Wednesday, December 23, 2020
Pack Horse Library Initiative
I think part of the unique American mindset, and more so during Christmas, is to find joy in heart warming stories of people helping others or doing something to better than communities. I was going to originally write about my Veterinarian, Amy Starr DVM, who always goes the extra mile in treating animals and who not only provides charity Vet and other services locally and in Mexico but in SE Asia and South America as well...but I ran across this story which I had never heard of and had to research more on. Thought I would share.
The Pack Horse Library Project was a Works Progress Administration (WPA) program that delivered books to remote regions in the Appalachian Mountains between 1935 and 1943, under then President Franklin Roosevelt’s initiatives to create jobs and decrease illiteracy to help lift America out of the Great Depression.
The Pack Horse Library Project was unique in that it was completely worked by women which at the height of the program used 30 supporting libraries to provide books and other reading material to 100,000 people.
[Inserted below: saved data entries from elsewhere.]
lemma connected_sublevel_set_if_unique_local_min:
  fixes M :: "'a::metric_space set" and f :: "'a \<Rightarrow> real"
  assumes "compact M" "continuous_on M f"
    and no_min: "\<And>p. p \<in> M \<Longrightarrow> f p = a \<Longrightarrow> \<not> local_min_on M f p"
    and unique: "\<And>p q. local_min_on M f p \<Longrightarrow> local_min_on M f q \<Longrightarrow> p = q"
  shows "connected {x\<in>M. f x \<le> a}"
proof (rule ccontr)
  assume "\<not> connected {x\<in>M. f x \<le> a}"
  then obtain A B where AB: "closed A" "closed B" "{x\<in>M. f x \<le> a} \<subseteq> A \<union> B"
    "A \<inter> B \<inter> {x\<in>M. f x \<le> a} = {}" "A \<inter> {x\<in>M. f x \<le> a} \<noteq> {}" "B \<inter> {x\<in>M. f x \<le> a} \<noteq> {}"
    unfolding connected_closed by blast
  obtain p where "p \<in> A" "f p \<le> a" "local_min_on M f p"
    using local_min_on_in_separated_piece[OF assms(1-3) AB(1-5)] by blast
  moreover obtain q where "q \<in> B" "f q \<le> a" "local_min_on M f q"
    using local_min_on_in_separated_piece[OF assms(1-3) AB(2,1) _ _ AB(6)] AB(3,4) by blast
  ultimately show False
    using unique AB(4) unfolding local_min_on_def by blast
qed

lemma connected_level_set_if_sublevel_superlevel_connected:
  fixes M :: "'a::euclidean_space set" and f :: "'a \<Rightarrow> real"
  assumes "simply_connected M" "locally path_connected M" and cf: "continuous_on M f"
    and "connected {x\<in>M. f x \<le> a}" "connected {x\<in>M. a \<le> f x}"
  shows "connected {x\<in>M. f x = a}"
proof -
  have "unicoherent M"
    using assms(1,2) by (intro Borsukian_imp_unicoherent simply_connected_imp_Borsukian)
  moreover have "closedin (top_of_set M) {x\<in>M. f x \<le> a}" "closedin (top_of_set M) {x\<in>M. a \<le> f x}"
    using continuous_closedin_preimage[OF cf closed_atMost, of a]
      continuous_closedin_preimage[OF cf closed_atLeast, of a] by (simp_all add: vimage_def Int_def)
  moreover have "M = {x\<in>M. f x \<le> a} \<union> {x\<in>M. a \<le> f x}"
    by auto
  ultimately have "connected ({x\<in>M. f x \<le> a} \<inter> {x\<in>M. a \<le> f x})"
    using assms(4,5) by (metis unicoherentD)
  moreover have "{x\<in>M. f x \<le> a} \<inter> {x\<in>M. a \<le> f x} = {x\<in>M. f x = a}"
    by auto
  ultimately show ?thesis
    by simp
qed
Pack horse librarians were paid by the WPA and these stalwart women traversed the difficult country side, often traveling as much as 120 miles a week to deliver reading material to these remote rural residents in rural Kentucky. They provided their own horses and mules, and reportedly were not deterred by bad weather.
By the end of 1938, there were as many as 270 librarians riding out across rural Kentucky counties. As many as 1,000 riding librarians participated in the program over the years with the program ending in 1943, the same year that the WPA was dissolved, as unemployment plummeted during wartime as US manufacturing picked up to produce war machines needed to defeat Nazi Germany and Imperial Japan.